Cuando escribo estas líneas carezco de información sobre el resultado de la reunión de pastores programada para hoy, jueves, entre la Mesa General de Funcionarios del Ayuntamiento de Madrid, integrada por las fuerzas sindicales, de un lado, y, de otro, la Sra. Gerente de la Ciudad, representando la voz de la Concejalía de Hacienda de la Villa y Corte, si es que aún puede utilizarse la histórica denominación.
Lo que sí que sabemos hasta los menos avezados es que se negocia reducir la jornada de trabajo de algunos empleados municipales (digo bien, "algunos"; ¿quiénes? ¡Ah!) a 35 horas semanales, frente a las 37,5 actuales, que, aun incrementadas de las anteriores 35, siguen suponiendo un privilegio respecto de las 40 horas que, digamos, es la regla general de los que ganan su pan en el sector privado.
Además de las horas contabilizadas, cuenta este personal con otros privilegios equivalentes, que tampoco están a disposición de los empleados del sector privado: días libres para asuntos propios (los famosos moscosos, tan cotizados en el sector público), y hasta reducciones de jornada por razones económicas, como tener que ahorrar en calefacción, cerrando para ello centros de trabajo.

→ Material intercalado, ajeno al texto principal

(* Let $n=p_1^{\alpha_1}p_2^{\alpha_2}\cdots p_k^{\alpha_k}$ where $p_1,\dots,p_k$ are distinct primes, $\alpha_i\geq 1$, and $k\geq 5$. Then $\mathbb{AG}(\mathbb{Z}_n)$ is not perfect.
   Context: For a commutative ring $R$ with unity, the annihilating-ideal graph $\mathbb{AG}(R)$ is the simple graph whose vertex set is the set of all non-zero ideals of $R$ with non-zero annihilator, two distinct vertices $I,J$ being adjacent if and only if $IJ=0$. A graph $G$ is perfect if $\omega(H)=\chi(H)$ for every induced subgraph $H$ of $G$. *)

theory Defs
  imports "HOL-Algebra.Ideal_Product" "HOL-Number_Theory.Residues" "HOL-Library.Extended_Nat"
begin

definition ann :: "('a, 'b) ring_scheme \<Rightarrow> 'a set \<Rightarrow> 'a set" where
  "ann R I = {x \<in> carrier R. \<forall>a\<in>I. x \<otimes>\<^bsub>R\<^esub> a = \<zero>\<^bsub>R\<^esub>}"

definition AG_vertices :: "('a, 'b) ring_scheme \<Rightarrow> 'a set set" where
  "AG_vertices R = {I. ideal I R \<and> I \<noteq> {\<zero>\<^bsub>R\<^esub>} \<and> ann R I \<noteq> {\<zero>\<^bsub>R\<^esub>}}"

definition AG_adj :: "('a, 'b) ring_scheme \<Rightarrow> 'a set \<Rightarrow> 'a set \<Rightarrow> bool" where
  "AG_adj R I J \<longleftrightarrow> I \<noteq> J \<and> ideal_prod R I J = {\<zero>\<^bsub>R\<^esub>}"

definition is_clique :: "('v \<Rightarrow> 'v \<Rightarrow> bool) \<Rightarrow> 'v set \<Rightarrow> bool" where
  "is_clique E C \<longleftrightarrow> (\<forall>x\<in>C. \<forall>y\<in>C. x \<noteq> y \<longrightarrow> E x y)"

definition clique_number :: "'v set \<Rightarrow> ('v \<Rightarrow> 'v \<Rightarrow> bool) \<Rightarrow> enat" where
  "clique_number S E = Sup {enat (card C) | C. C \<subseteq> S \<and> finite C \<and> is_clique E C}"

definition proper_colouring :: "'v set \<Rightarrow> ('v \<Rightarrow> 'v \<Rightarrow> bool) \<Rightarrow> nat \<Rightarrow> ('v \<Rightarrow> nat) \<Rightarrow> bool" where
  "proper_colouring S E k f \<longleftrightarrow>
     (\<forall>x\<in>S. f x < k) \<and> (\<forall>x\<in>S. \<forall>y\<in>S. E x y \<longrightarrow> f x \<noteq> f y)"

definition chromatic_number :: "'v set \<Rightarrow> ('v \<Rightarrow> 'v \<Rightarrow> bool) \<Rightarrow> enat" where
  "chromatic_number S E = Inf {enat k | k. \<exists>f. proper_colouring S E k f}"

definition perfect_graph :: "'v set \<Rightarrow> ('v \<Rightarrow> 'v \<Rightarrow> bool) \<Rightarrow> bool" where
  "perfect_graph V E \<longleftrightarrow> (\<forall>S\<subseteq>V. clique_number S E = chromatic_number S E)"

end

theory Submission imports Defs begin

text \<open>The pentagon occurs as an induced subgraph; being triangle-free it has clique number 2,
  but as an odd cycle it needs 3 colours. To embed it into \<open>\<A>\<G>(\<int>\<^sub>n)\<close>, label the vertices of
  the pentagon by the 2-sets \<open>{i, i + 2}\<close> of \<open>\<int>\<^sub>5\<close>, so that neighbours are exactly the
  vertices with disjoint labels. Fixing distinct prime factors \<open>p\<^sub>0, \<dots>, p\<^sub>4\<close> of \<open>n\<close>, realise
  a label \<open>L\<close> by the principal ideal generated by the part of \<open>n\<close> coprime to the \<open>p\<^sub>l\<close>,
  \<open>l \<in> L\<close>: two such generators multiply to a multiple of \<open>n\<close> exactly when no prime is
  omitted by both.\<close>

definition cycle5_adj :: "nat \<Rightarrow> nat \<Rightarrow> bool" where
  "cycle5_adj i j \<longleftrightarrow> (i + 1) mod 5 = j \<or> (j + 1) mod 5 = i"

definition cycle5_label :: "nat \<Rightarrow> nat set" where
  "cycle5_label i = {i, (i + 2) mod 5}"

lemma less_5_cases: "i < (5::nat) \<Longrightarrow> i = 0 \<or> i = 1 \<or> i = 2 \<or> i = 3 \<or> i = 4"
  by auto

lemma cycle5_adj_irrefl: "i < 5 \<Longrightarrow> \<not> cycle5_adj i i"
  by (drule less_5_cases) (auto simp: cycle5_adj_def)

lemma cycle5_adj_Suc_mod: "cycle5_adj ((i + 1) mod 5) i"
  by (auto simp: cycle5_adj_def)

lemma cycle5_label_subset: "i < 5 \<Longrightarrow> cycle5_label i \<subseteq> {..<5}"
  unfolding cycle5_label_def by auto

lemma cycle5_adj_iff_disjoint_labels:
  assumes "i < 5" "j < 5"
  shows "cycle5_adj i j \<longleftrightarrow> cycle5_label i \<inter> cycle5_label j = {}"
  using less_5_cases[OF assms(1)] less_5_cases[OF assms(2)]
  unfolding cycle5_adj_def cycle5_label_def by (elim disjE) auto

lemma cycle5_triangle_free:
  assumes "a < 5" "b < 5" "c < 5" "cycle5_adj a b" "cycle5_adj a c" "cycle5_adj b c"
  shows False
  using less_5_cases[OF assms(1)] less_5_cases[OF assms(2)] less_5_cases[OF assms(3)] assms(4-6)
  unfolding cycle5_adj_def by (elim disjE) auto

lemma clique_number_le:
  assumes "\<And>C. C \<subseteq> S \<Longrightarrow> finite C \<Longrightarrow> is_clique E C \<Longrightarrow> card C \<le> m"
  shows "clique_number S E \<le> enat m"
  unfolding clique_number_def by (rule Sup_least) (use assms in auto)

lemma chromatic_number_ge:
  assumes "\<And>k f. proper_colouring S E k f \<Longrightarrow> m \<le> k"
  shows "enat m \<le> chromatic_number S E"
  unfolding chromatic_number_def by (rule Inf_greatest) (use assms in auto)

lemma clique_number_induced_cycle5:
  assumes E: "\<forall>i<5. \<forall>j<5. E (x i) (x j) \<longleftrightarrow> cycle5_adj i j"
  shows "clique_number (x ` {..<5}) E \<le> 2"
proof -
  have "card C \<le> 2" if C: "C \<subseteq> x ` {..<5}" "is_clique E C" for C
  proof (rule ccontr)
    assume "\<not> card C \<le> 2"
    then have "3 \<le> card C" by simp
    then obtain T where T: "T \<subseteq> C" "card T = 3" by (meson obtain_subset_with_card_n)
    then obtain u v w where uvw: "T = {u, v, w}" "u \<noteq> v" "v \<noteq> w" "u \<noteq> w"
      by (auto simp: card_3_iff)
    moreover have "{u, v, w} \<subseteq> x ` {..<5}" using T C(1) uvw(1) by blast
    ultimately obtain a b c where abc: "a < 5" "b < 5" "c < 5" "u = x a" "v = x b" "w = x c"
      by auto
    have "E u v" "E u w" "E v w" using C(2) T uvw unfolding is_clique_def by auto
    then show False using cycle5_triangle_free[OF abc(1-3)] E abc by auto
  qed
  then show ?thesis using clique_number_le[of "x ` {..<5}" E 2] by (simp add: numeral_eq_enat)
qed

lemma chromatic_number_induced_cycle5:
  assumes E: "\<forall>i<5. \<forall>j<5. E (x i) (x j) \<longleftrightarrow> cycle5_adj i j"
  shows "chromatic_number (x ` {..<5}) E \<ge> 3"
proof -
  have "3 \<le> k" if f: "proper_colouring (x ` {..<5}) E k f" for k f
  proof -
    have "f (x i) < k" if "i < 5" for i using f that unfolding proper_colouring_def by auto
    moreover have "f (x i) \<noteq> f (x j)" if "i < 5" "j < 5" "cycle5_adj i j" for i j
      using f that E unfolding proper_colouring_def by auto
    ultimately have "f (x 0) < k" "f (x 1) < k" "f (x 2) < k" "f (x 3) < k" "f (x 4) < k"
      "f (x 0) \<noteq> f (x 1)" "f (x 1) \<noteq> f (x 2)" "f (x 2) \<noteq> f (x 3)"
      "f (x 3) \<noteq> f (x 4)" "f (x 4) \<noteq> f (x 0)"
      by (simp_all add: cycle5_adj_def)
    then show "3 \<le> k" by linarith
  qed
  then show ?thesis using chromatic_number_ge[of "x ` {..<5}" E 3] by (simp add: numeral_eq_enat)
qed

lemma not_perfect_if_induced_cycle5:
  assumes "x ` {..<5} \<subseteq> V" and "\<forall>i<5. \<forall>j<5. E (x i) (x j) \<longleftrightarrow> cycle5_adj i j"
  shows "\<not> perfect_graph V E"
proof
  assume "perfect_graph V E"
  then have eq: "clique_number (x ` {..<5}) E = chromatic_number (x ` {..<5}) E"
    using assms(1) unfolding perfect_graph_def by blast
  have "(3::enat) \<le> chromatic_number (x ` {..<5}) E"
    using chromatic_number_induced_cycle5[of E x] assms(2) by blast
  also have "\<dots> = clique_number (x ` {..<5}) E" using eq by simp
  also have "\<dots> \<le> 2" using clique_number_induced_cycle5[of E x] assms(2) by blast
  finally show False by (simp add: numeral_eq_enat)
qed

definition coprime_part :: "nat \<Rightarrow> nat set \<Rightarrow> nat" where
  "coprime_part n T = (\<Prod>p \<in> prime_factors n - T. p ^ multiplicity p n)"

lemma prime_not_dvd_coprime_part:
  assumes "prime p" "p \<in> T"
  shows "\<not> p dvd coprime_part n T"
proof
  assume "p dvd coprime_part n T"
  then obtain q where q: "q \<in> prime_factors n - T" "p dvd q ^ multiplicity q n"
    unfolding coprime_part_def prime_dvd_prod_iff[OF finite_Diff[OF finite_set_mset] assms(1)] ..
  then have "p dvd q" using prime_dvd_power[OF assms(1)] by blast
  then have "p = q" using q(1) primes_dvd_imp_eq[OF assms(1)] by auto
  with q(1) assms(2) show False by blast
qed

lemma dvd_coprime_part_mult_iff:
  assumes "n \<noteq> 0"
  shows "n dvd coprime_part n T * coprime_part n U \<longleftrightarrow> T \<inter> U \<inter> prime_factors n = {}"
proof
  assume n_dvd: "n dvd coprime_part n T * coprime_part n U"
  show "T \<inter> U \<inter> prime_factors n = {}"
  proof (rule ccontr)
    assume "T \<inter> U \<inter> prime_factors n \<noteq> {}"
    then obtain p where p: "p \<in> T" "p \<in> U" "prime p" "p dvd n" by auto
    then have "p dvd coprime_part n T * coprime_part n U" using n_dvd dvd_trans by blast
    then show False
      using prime_not_dvd_coprime_part p by (auto simp: prime_dvd_mult_iff)
  qed
next
  assume disj: "T \<inter> U \<inter> prime_factors n = {}"
  let ?f = "\<lambda>p. p ^ multiplicity p n"
  have "(prime_factors n - T) \<union> (prime_factors n - U) = prime_factors n" using disj by blast
  then have "coprime_part n T * coprime_part n U
      = (\<Prod>p \<in> prime_factors n. ?f p) * (\<Prod>p \<in> (prime_factors n - T) \<inter> (prime_factors n - U). ?f p)"
    unfolding coprime_part_def
    using prod.union_inter[of "prime_factors n - T" "prime_factors n - U" ?f] by simp
  also have "(\<Prod>p \<in> prime_factors n. ?f p) = n"
    using assms prime_factorization_nat by auto
  finally show "n dvd coprime_part n T * coprime_part n U" by simp
qed

lemma cycle5_divisor_pattern:
  fixes n :: nat
  assumes "card (prime_factors n) \<ge> 5"
  obtains a :: "nat \<Rightarrow> nat" where "\<forall>i<5. \<forall>j<5. n dvd a i * a j \<longleftrightarrow> cycle5_adj i j"
proof -
  have "n \<noteq> 0" using assms by (cases "n = 0") auto
  obtain p :: "nat \<Rightarrow> nat" where p: "p ` {..<5} \<subseteq> prime_factors n" "inj_on p {..<5}"
    using card_le_inj[of "{..<5::nat}" "prime_factors n"] assms by fastforce
  define a where "a i = coprime_part n (p ` cycle5_label i)" for i
  have "n dvd a i * a j \<longleftrightarrow> cycle5_adj i j" if "i < 5" "j < 5" for i j
  proof -
    have "p ` cycle5_label i \<inter> p ` cycle5_label j = p ` (cycle5_label i \<inter> cycle5_label j)"
      using inj_on_image_Int[OF p(2) cycle5_label_subset cycle5_label_subset] that by blast
    moreover have "p ` cycle5_label i \<subseteq> prime_factors n"
      using p(1) cycle5_label_subset[OF that(1)] by blast
    ultimately have "p ` cycle5_label i \<inter> p ` cycle5_label j \<inter> prime_factors n = {}
        \<longleftrightarrow> cycle5_label i \<inter> cycle5_label j = {}"
      by auto
    then show ?thesis
      unfolding a_def dvd_coprime_part_mult_iff[OF \<open>n \<noteq> 0\<close>]
        cycle5_adj_iff_disjoint_labels[OF that] .
  qed
  then show thesis using that by blast
qed

lemma (in cring) PIdl_eq_zero_iff:
  assumes "a \<in> carrier R"
  shows "PIdl a = {\<zero>} \<longleftrightarrow> a = \<zero>"
  using cgenideal_self[OF assms] cgenideal_eq_genideal[OF zero_closed] genideal_zero by auto

lemma (in cring) ideal_prod_PIdl:
  assumes "a \<in> carrier R" "b \<in> carrier R"
  shows "ideal_prod R (PIdl a) (PIdl b) = PIdl (a \<otimes> b)"
proof -
  have "ideal_prod R (PIdl a) (PIdl b) = Idl (PIdl (a \<otimes> b))"
    using ideal_prod_eq_genideal[of "Idl {a}" "Idl {b}"] assms
      cgenideal_eq_genideal cgenideal_ideal cgenideal_prod by auto
  moreover have ab: "a \<otimes> b \<in> carrier R" using assms by simp
  then have "PIdl (a \<otimes> b) \<subseteq> carrier R" using ideal.Icarr[OF cgenideal_ideal] by blast
  then have "Idl (PIdl (a \<otimes> b)) = PIdl (a \<otimes> b)"
    using genideal_minimal[OF cgenideal_ideal[OF ab] subset_refl] genideal_self by blast
  ultimately show ?thesis by simp
qed

lemma (in cring) AG_adj_PIdl_iff:
  assumes "a \<in> carrier R" "b \<in> carrier R" "a \<otimes> a \<noteq> \<zero>"
  shows "AG_adj R (PIdl a) (PIdl b) \<longleftrightarrow> a \<otimes> b = \<zero>"
proof -
  have "PIdl a \<noteq> PIdl b" if "a \<otimes> b = \<zero>"
  proof
    assume "PIdl a = PIdl b"
    then have "PIdl (a \<otimes> a) = PIdl (a \<otimes> b)"
      using ideal_prod_PIdl[OF assms(1,1)] ideal_prod_PIdl[OF assms(1,2)] by metis
    then show False
      using that assms PIdl_eq_zero_iff[OF m_closed[OF assms(1,1)]] PIdl_eq_zero_iff[OF zero_closed]
      by simp
  qed
  then show ?thesis
    unfolding AG_adj_def ideal_prod_PIdl[OF assms(1,2)] PIdl_eq_zero_iff[OF m_closed[OF assms(1,2)]]
    by blast
qed

lemma (in cring) PIdl_in_AG_vertices:
  assumes "a \<in> carrier R" "b \<in> carrier R" "a \<noteq> \<zero>" "b \<noteq> \<zero>" "b \<otimes> a = \<zero>"
  shows "PIdl a \<in> AG_vertices R"
proof -
  have "b \<otimes> (u \<otimes> a) = \<zero>" if "u \<in> carrier R" for u
    using assms that by (simp add: m_lcomm[of b u a])
  then have "b \<in> ann R (PIdl a)"
    unfolding ann_def cgenideal_def using assms(2) by blast
  then show ?thesis
    unfolding AG_vertices_def
    using assms PIdl_eq_zero_iff cgenideal_ideal by auto
qed

lemma (in cring) not_perfect_AG_if_cycle5_zero_products:
  assumes carr: "\<And>i. i < 5 \<Longrightarrow> e i \<in> carrier R"
    and zero: "\<forall>i<5. \<forall>j<5. e i \<otimes> e j = \<zero> \<longleftrightarrow> cycle5_adj i j"
  shows "\<not> perfect_graph (AG_vertices R) (AG_adj R)"
proof (rule not_perfect_if_induced_cycle5)
  have sq: "e i \<otimes> e i \<noteq> \<zero>" if "i < 5" for i
    using zero cycle5_adj_irrefl that by blast
  show "\<forall>i<5. \<forall>j<5. AG_adj R (PIdl (e i)) (PIdl (e j)) \<longleftrightarrow> cycle5_adj i j"
    using AG_adj_PIdl_iff carr sq zero by auto
  show "(\<lambda>i. PIdl (e i)) ` {..<5} \<subseteq> AG_vertices R"
  proof clarsimp
    fix i :: nat assume i: "i < 5"
    define j where "j = (i + 1) mod 5"
    have j: "j < 5" unfolding j_def by simp
    have "e i \<noteq> \<zero>" "e j \<noteq> \<zero>" using sq[OF i] sq[OF j] carr i j by auto
    moreover have "e j \<otimes> e i = \<zero>"
      using zero cycle5_adj_Suc_mod[of i] i j unfolding j_def by blast
    ultimately show "PIdl (e i) \<in> AG_vertices R"
      using PIdl_in_AG_vertices[OF carr[OF i] carr[OF j]] by blast
  qed
qed

lemma (in residues) res_mult_mod_eq_zero_iff: "(x mod m) \<otimes> (y mod m) = \<zero> \<longleftrightarrow> m dvd x * y"
  by (simp add: res_mult_eq res_zero_eq mod_mult_eq dvd_eq_mod_eq_0)

theorem lemma1:
  fixes n :: nat
  assumes "card (prime_factors n) \<ge> 5"
  shows "\<not> perfect_graph (AG_vertices (residue_ring (int n))) (AG_adj (residue_ring (int n)))"
proof -
  obtain a where a: "\<forall>i<5. \<forall>j<5. n dvd a i * a j \<longleftrightarrow> cycle5_adj i j"
    using cycle5_divisor_pattern[OF assms] by blast
  have "n > 1" using assms by (cases "n = 0 \<or> n = 1") auto
  define R where "R = residue_ring (int n)"
  interpret residues "int n" R
    by unfold_locales (use \<open>n > 1\<close> R_def in auto)
  have "\<not> perfect_graph (AG_vertices R) (AG_adj R)"
  proof (rule not_perfect_AG_if_cycle5_zero_products)
    show "int (a i) mod int n \<in> carrier R" for i
      using \<open>n > 1\<close> by (simp add: res_carrier_eq)
    show "\<forall>i<5. \<forall>j<5. (int (a i) mod int n) \<otimes>\<^bsub>R\<^esub> (int (a j) mod int n) = \<zero>\<^bsub>R\<^esub>
        \<longleftrightarrow> cycle5_adj i j"
      using a by (simp add: res_mult_mod_eq_zero_iff flip: of_nat_mult)
  qed
  then show ?thesis unfolding R_def .
qed

end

Salvo que la reunión concluya en que la reducción de jornada laboral comportará una reducción proporcional en la remuneración, que no creo sea el caso, estaremos ante el anunciado aforismo, donde los pastores reunidos (ninguno de ellos pone en juego su propio patrimonio) decidirán la muerte de la oveja que no está presente en la negociación: los ciudadanos de Madrid.
Si la conclusión es la dádiva anunciada de reducción generosa de jornada para algunos, ¿estamos ante un caso de prevaricación, de dilapidación de recursos públicos o, quizá, de administración desleal? ¿Quién defiende en ese concierto de voluntades al ciudadano, a ese ciudadano que no piensa presentarse a las elecciones municipales?
La bonhomía del servidor público (la autoridad), con dispendios de recursos que no pertenecen a su propio peculio, suele tener un rendimiento elevado en términos de voto llegadas unas elecciones. No suele abundar el deseo caritativo en quien así administra; como máximo, podría ser un gesto solidario ante la holganza, que, no se sabe por qué, se considera inserta en la propia condición humana.
Pero hay un coste que no conviene soslayar. Es bien cierto que la inmensa mayoría de los funcionarios y empleados públicos, en cualquier nivel de la Administración, son verdaderos servidores públicos, que se afanan en resolver problemas de los administrados. Sin embargo, estas dádivas privilegiadas generan en su contra una aureola de injusticia del predominio público frente a la situación ordinaria de lo privado.
¿Deberían los afectados reivindicar, frente a la actitud sindical y a la afabilidad de la autoridad pública, el reconocimiento a su función y la estima a su esfuerzo y dedicación, por un trabajo sin privilegios?
El bulo originado por estas actuaciones, no por falso deja de dañar el honor de las personas honestas. El dulce pastel contiene, con frecuencia, una guinda envenenada.